- **Exercise brief**
Reprint the entries without altering anything.

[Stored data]
(* Let $q_1,q_2\in\mathbb{Z}$, $X$ a nonempty finite set and $f\in\mathrm{Bool}(X)$. There exists an ordered sequence $(X_1,\ldots,X_k)$ of nonempty pairwise disjoint subsets of $X$ with union $X$ such that each $f_{\mid X_i}$ is $(q_1,q_2)$-indecomposable and $f=f_{\mid X_1}\star_{q_1,q_2}\cdots\star_{q_1,q_2}f_{\mid X_k}$. Moreover, if $(Y_1,\ldots,Y_l)$ is another such sequence with the same two properties, then $k=l$ and there exists a permutation $\sigma$ of $\{1,\ldots,k\}$ with $Y_i=X_{\sigma(i)}$ for all $i$.
   Context: For a finite set $X$, a boolean function on $X$ is a map $f:\mathcal{P}(X)\to\mathbb{Z}$ with $f(\emptyset)=0$; $\mathrm{Bool}(X)$ is the set of these. Throughout, $0^0=1$. For disjoint finite sets $X,Y$, $f\in\mathrm{Bool}(X)$, $g\in\mathrm{Bool}(Y)$, $(f\star_{q_1,q_2}g)(A)=q_1^{|A\cap Y|}f(A\cap X)+q_2^{|A\cap X|}g(A\cap Y)$ for $A\subseteq X\sqcup Y$; this product is associative. For $Y\subseteq X$, $f_{\mid Y}\in\mathrm{Bool}(Y)$ denotes the restriction of $f$ to $\mathcal{P}(Y)$. For $X$ nonempty, $f\in\mathrm{Bool}(X)$ is $(q_1,q_2)$-indecomposable if whenever $Y\subseteq X$, $f'\in\mathrm{Bool}(X\setminus Y)$, $f''\in\mathrm{Bool}(Y)$ and $f=f'\star_{q_1,q_2}f''$, then $Y=\emptyset$ or $Y=X$. *)

theory Defs
  imports Main
begin

text \<open>Boolean functions on a finite set X are represented as functions
  'a set => int that vanish on the empty set and outside the powerset of X
  (extensional representation, so that equality of boolean functions is
  equality of HOL functions).\<close>

definition Bool :: "'a set \<Rightarrow> ('a set \<Rightarrow> int) set" where
  "Bool X = {f. f {} = 0 \<and> (\<forall>A. \<not> A \<subseteq> X \<longrightarrow> f A = 0)}"

definition restr :: "('a set \<Rightarrow> int) \<Rightarrow> 'a set \<Rightarrow> ('a set \<Rightarrow> int)" where
  "restr f Y = (\<lambda>A. if A \<subseteq> Y then f A else 0)"

text \<open>The product of f in Bool X and g in Bool Y (X, Y disjoint).
  Note Isabelle has 0 ^ 0 = 1.\<close>
definition star :: "int \<Rightarrow> int \<Rightarrow> 'a set \<Rightarrow> 'a set \<Rightarrow> ('a set \<Rightarrow> int) \<Rightarrow> ('a set \<Rightarrow> int)
    \<Rightarrow> ('a set \<Rightarrow> int)" where
  "star q1 q2 X Y f g = (\<lambda>A. if A \<subseteq> X \<union> Y
      then q1 ^ card (A \<inter> Y) * f (A \<inter> X) + q2 ^ card (A \<inter> X) * g (A \<inter> Y)
      else 0)"

definition indecomposable :: "int \<Rightarrow> int \<Rightarrow> 'a set \<Rightarrow> ('a set \<Rightarrow> int) \<Rightarrow> bool" where
  "indecomposable q1 q2 X f \<longleftrightarrow> X \<noteq> {} \<and>
     (\<forall>Y f' f''. Y \<subseteq> X \<and> f' \<in> Bool (X - Y) \<and> f'' \<in> Bool Y \<and>
        f = star q1 q2 (X - Y) Y f' f'' \<longrightarrow> Y = {} \<or> Y = X)"

text \<open>Iterated product f|X1 * (f|X2 * ( ... * f|Xk)) (the product is associative);
  the empty product is the zero function, the unique element of Bool {}.\<close>
fun prodseq :: "int \<Rightarrow> int \<Rightarrow> ('a set \<Rightarrow> int) \<Rightarrow> 'a set list \<Rightarrow> ('a set \<Rightarrow> int)" where
  "prodseq q1 q2 f [] = (\<lambda>A. 0)"
| "prodseq q1 q2 f (Xi # Xs) = star q1 q2 Xi (\<Union> (set Xs)) (restr f Xi) (prodseq q1 q2 f Xs)"

definition good_decomp :: "int \<Rightarrow> int \<Rightarrow> 'a set \<Rightarrow> ('a set \<Rightarrow> int) \<Rightarrow> 'a set list \<Rightarrow> bool" where
  "good_decomp q1 q2 X f Xs \<longleftrightarrow>
     (\<forall>i<length Xs. Xs ! i \<noteq> {} \<and> Xs ! i \<subseteq> X) \<and>
     (\<forall>i<length Xs. \<forall>j<length Xs. i \<noteq> j \<longrightarrow> Xs ! i \<inter> Xs ! j = {}) \<and>
     \<Union> (set Xs) = X \<and>
     (\<forall>i<length Xs. indecomposable q1 q2 (Xs ! i) (restr f (Xs ! i))) \<and>
     f = prodseq q1 q2 f Xs"

end

theory Submission
  imports Defs "HOL-Combinatorics.Permutations"
begin

text \<open>Existence is by strong induction on X: if f is decomposable, f = f|(X-Y) * f|Y,
  decompose both factors and concatenate, using associativity of the product.
  For uniqueness, restricting a factorization f|(Z \<union> U) = f|Z * f|U to a block B of another
  decomposition gives f|B = f|(B \<inter> Z) * f|(B \<inter> U); as f|B is indecomposable, B lies in Z or
  in U. Hence every block of one decomposition lies in a block of the other, so by disjointness
  both have the same blocks, and two repetition-free lists with the same elements differ by a
  permutation.\<close>

abbreviation disjoint_list :: "'a set list \<Rightarrow> bool" where
  "disjoint_list \<equiv> sorted_wrt (\<lambda>A B. A \<inter> B = {})"

lemma disjoint_list_iff_nth:
  "disjoint_list Xs \<longleftrightarrow> (\<forall>i<length Xs. \<forall>j<length Xs. i \<noteq> j \<longrightarrow> Xs ! i \<inter> Xs ! j = {})"
  unfolding sorted_wrt_iff_nth_less
proof (intro iffI allI impI)
  fix i j
  assume disj: "\<forall>i j. i < j \<longrightarrow> j < length Xs \<longrightarrow> Xs ! i \<inter> Xs ! j = {}"
    and "i < length Xs" "j < length Xs" "i \<noteq> j"
  then consider "i < j" "j < length Xs" | "j < i" "i < length Xs"
    by linarith
  then show "Xs ! i \<inter> Xs ! j = {}"
    by cases (use disj in \<open>auto simp: Int_commute\<close>)
qed auto

lemma disjoint_list_eqI:
  "disjoint_list Xs \<Longrightarrow> A \<in> set Xs \<Longrightarrow> B \<in> set Xs \<Longrightarrow> A \<inter> B \<noteq> {} \<Longrightarrow> A = B"
  by (induction Xs) auto

lemma distinct_if_disjoint_list: "disjoint_list Xs \<Longrightarrow> {} \<notin> set Xs \<Longrightarrow> distinct Xs"
  by (induction Xs) auto

lemma restr_in_Bool: "f {} = 0 \<Longrightarrow> restr f Y \<in> Bool Y"
  by (auto simp: Bool_def restr_def)

lemma restr_restr: "Z \<subseteq> Y \<Longrightarrow> restr (restr f Y) Z = restr f Z"
  by (auto simp: restr_def fun_eq_iff)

- **Solved problem**
(* Let $q_1,q_2\in\mathbb{Z}$, $X$ a nonempty finite set and $f\in\mathrm{Bool}(X)$. There exists an ordered sequence $(X_1,\ldots,X_k)$ of nonempty pairwise disjoint subsets of $X$ with union $X$ such that each $f_{\mid X_i}$ is $(q_1,q_2)$-indecomposable and $f=f_{\mid X_1}\star_{q_1,q_2}\cdots\star_{q_1,q_2}f_{\mid X_k}$. Moreover, if $(Y_1,\ldots,Y_l)$ is another such sequence with the same two properties, then $k=l$ and there exists a permutation $\sigma$ of $\{1,\ldots,k\}$ with $Y_i=X_{\sigma(i)}$ for all $i$.
   Context: For a finite set $X$, a boolean function on $X$ is a map $f:\mathcal{P}(X)\to\mathbb{Z}$ with $f(\emptyset)=0$; $\mathrm{Bool}(X)$ is the set of these. Throughout, $0^0=1$. For disjoint finite sets $X,Y$, $f\in\mathrm{Bool}(X)$, $g\in\mathrm{Bool}(Y)$, $(f\star_{q_1,q_2}g)(A)=q_1^{|A\cap Y|}f(A\cap X)+q_2^{|A\cap X|}g(A\cap Y)$ for $A\subseteq X\sqcup Y$; this product is associative. For $Y\subseteq X$, $f_{\mid Y}\in\mathrm{Bool}(Y)$ denotes the restriction of $f$ to $\mathcal{P}(Y)$. For $X$ nonempty, $f\in\mathrm{Bool}(X)$ is $(q_1,q_2)$-indecomposable if whenever $Y\subseteq X$, $f'\in\mathrm{Bool}(X\setminus Y)$, $f''\in\mathrm{Bool}(Y)$ and $f=f'\star_{q_1,q_2}f''$, then $Y=\emptyset$ or $Y=X$. *)

theory Defs
  imports Main
begin

text \<open>Boolean functions on a finite set X are represented as functions
  'a set => int that vanish on the empty set and outside the powerset of X
  (extensional representation, so that equality of boolean functions is
  equality of HOL functions).\<close>

definition Bool :: "'a set \<Rightarrow> ('a set \<Rightarrow> int) set" where
  "Bool X = {f. f {} = 0 \<and> (\<forall>A. \<not> A \<subseteq> X \<longrightarrow> f A = 0)}"

definition restr :: "('a set \<Rightarrow> int) \<Rightarrow> 'a set \<Rightarrow> ('a set \<Rightarrow> int)" where
  "restr f Y = (\<lambda>A. if A \<subseteq> Y then f A else 0)"

text \<open>The product of f in Bool X and g in Bool Y (X, Y disjoint).
  Note Isabelle has 0 ^ 0 = 1.\<close>
definition star :: "int \<Rightarrow> int \<Rightarrow> 'a set \<Rightarrow> 'a set \<Rightarrow> ('a set \<Rightarrow> int) \<Rightarrow> ('a set \<Rightarrow> int)
    \<Rightarrow> ('a set \<Rightarrow> int)" where
  "star q1 q2 X Y f g = (\<lambda>A. if A \<subseteq> X \<union> Y
      then q1 ^ card (A \<inter> Y) * f (A \<inter> X) + q2 ^ card (A \<inter> X) * g (A \<inter> Y)
      else 0)"

definition indecomposable :: "int \<Rightarrow> int \<Rightarrow> 'a set \<Rightarrow> ('a set \<Rightarrow> int) \<Rightarrow> bool" where
  "indecomposable q1 q2 X f \<longleftrightarrow> X \<noteq> {} \<and>
     (\<forall>Y f' f''. Y \<subseteq> X \<and> f' \<in> Bool (X - Y) \<and> f'' \<in> Bool Y \<and>
        f = star q1 q2 (X - Y) Y f' f'' \<longrightarrow> Y = {} \<or> Y = X)"

text \<open>Iterated product f|X1 * (f|X2 * ( ... * f|Xk)) (the product is associative);
  the empty product is the zero function, the unique element of Bool {}.\<close>
fun prodseq :: "int \<Rightarrow> int \<Rightarrow> ('a set \<Rightarrow> int) \<Rightarrow> 'a set list \<Rightarrow> ('a set \<Rightarrow> int)" where
  "prodseq q1 q2 f [] = (\<lambda>A. 0)"
| "prodseq q1 q2 f (Xi # Xs) = star q1 q2 Xi (\<Union> (set Xs)) (restr f Xi) (prodseq q1 q2 f Xs)"

definition good_decomp :: "int \<Rightarrow> int \<Rightarrow> 'a set \<Rightarrow> ('a set \<Rightarrow> int) \<Rightarrow> 'a set list \<Rightarrow> bool" where
  "good_decomp q1 q2 X f Xs \<longleftrightarrow>
     (\<forall>i<length Xs. Xs ! i \<noteq> {} \<and> Xs ! i \<subseteq> X) \<and>
     (\<forall>i<length Xs. \<forall>j<length Xs. i \<noteq> j \<longrightarrow> Xs ! i \<inter> Xs ! j = {}) \<and>
     \<Union> (set Xs) = X \<and>
     (\<forall>i<length Xs. indecomposable q1 q2 (Xs ! i) (restr f (Xs ! i))) \<and>
     f = prodseq q1 q2 f Xs"

end

theory Submission
  imports Defs "HOL-Combinatorics.Permutations"
begin

text \<open>Existence is by strong induction on X: if f is decomposable, f = f|(X-Y) * f|Y,
  decompose both factors and concatenate, using associativity of the product.
  For uniqueness, restricting a factorization f|(Z \<union> U) = f|Z * f|U to a block B of another
  decomposition gives f|B = f|(B \<inter> Z) * f|(B \<inter> U); as f|B is indecomposable, B lies in Z or
  in U. Hence every block of one decomposition lies in a block of the other, so by disjointness
  both have the same blocks, and two repetition-free lists with the same elements differ by a
  permutation.\<close>

abbreviation disjoint_list :: "'a set list \<Rightarrow> bool" where
  "disjoint_list \<equiv> sorted_wrt (\<lambda>A B. A \<inter> B = {})"

lemma disjoint_list_iff_nth:
  "disjoint_list Xs \<longleftrightarrow> (\<forall>i<length Xs. \<forall>j<length Xs. i \<noteq> j \<longrightarrow> Xs ! i \<inter> Xs ! j = {})"
  unfolding sorted_wrt_iff_nth_less
proof (intro iffI allI impI)
  fix i j
  assume disj: "\<forall>i j. i < j \<longrightarrow> j < length Xs \<longrightarrow> Xs ! i \<inter> Xs ! j = {}"
    and "i < length Xs" "j < length Xs" "i \<noteq> j"
  then consider "i < j" "j < length Xs" | "j < i" "i < length Xs"
    by linarith
  then show "Xs ! i \<inter> Xs ! j = {}"
    by cases (use disj in \<open>auto simp: Int_commute\<close>)
qed auto

lemma disjoint_list_eqI:
  "disjoint_list Xs \<Longrightarrow> A \<in> set Xs \<Longrightarrow> B \<in> set Xs \<Longrightarrow> A \<inter> B \<noteq> {} \<Longrightarrow> A = B"
  by (induction Xs) auto

lemma distinct_if_disjoint_list: "disjoint_list Xs \<Longrightarrow> {} \<notin> set Xs \<Longrightarrow> distinct Xs"
  by (induction Xs) auto

lemma restr_in_Bool: "f {} = 0 \<Longrightarrow> restr f Y \<in> Bool Y"
  by (auto simp: Bool_def restr_def)

lemma restr_restr: "Z \<subseteq> Y \<Longrightarrow> restr (restr f Y) Z = restr f Z"
  by (auto simp: restr_def fun_eq_iff)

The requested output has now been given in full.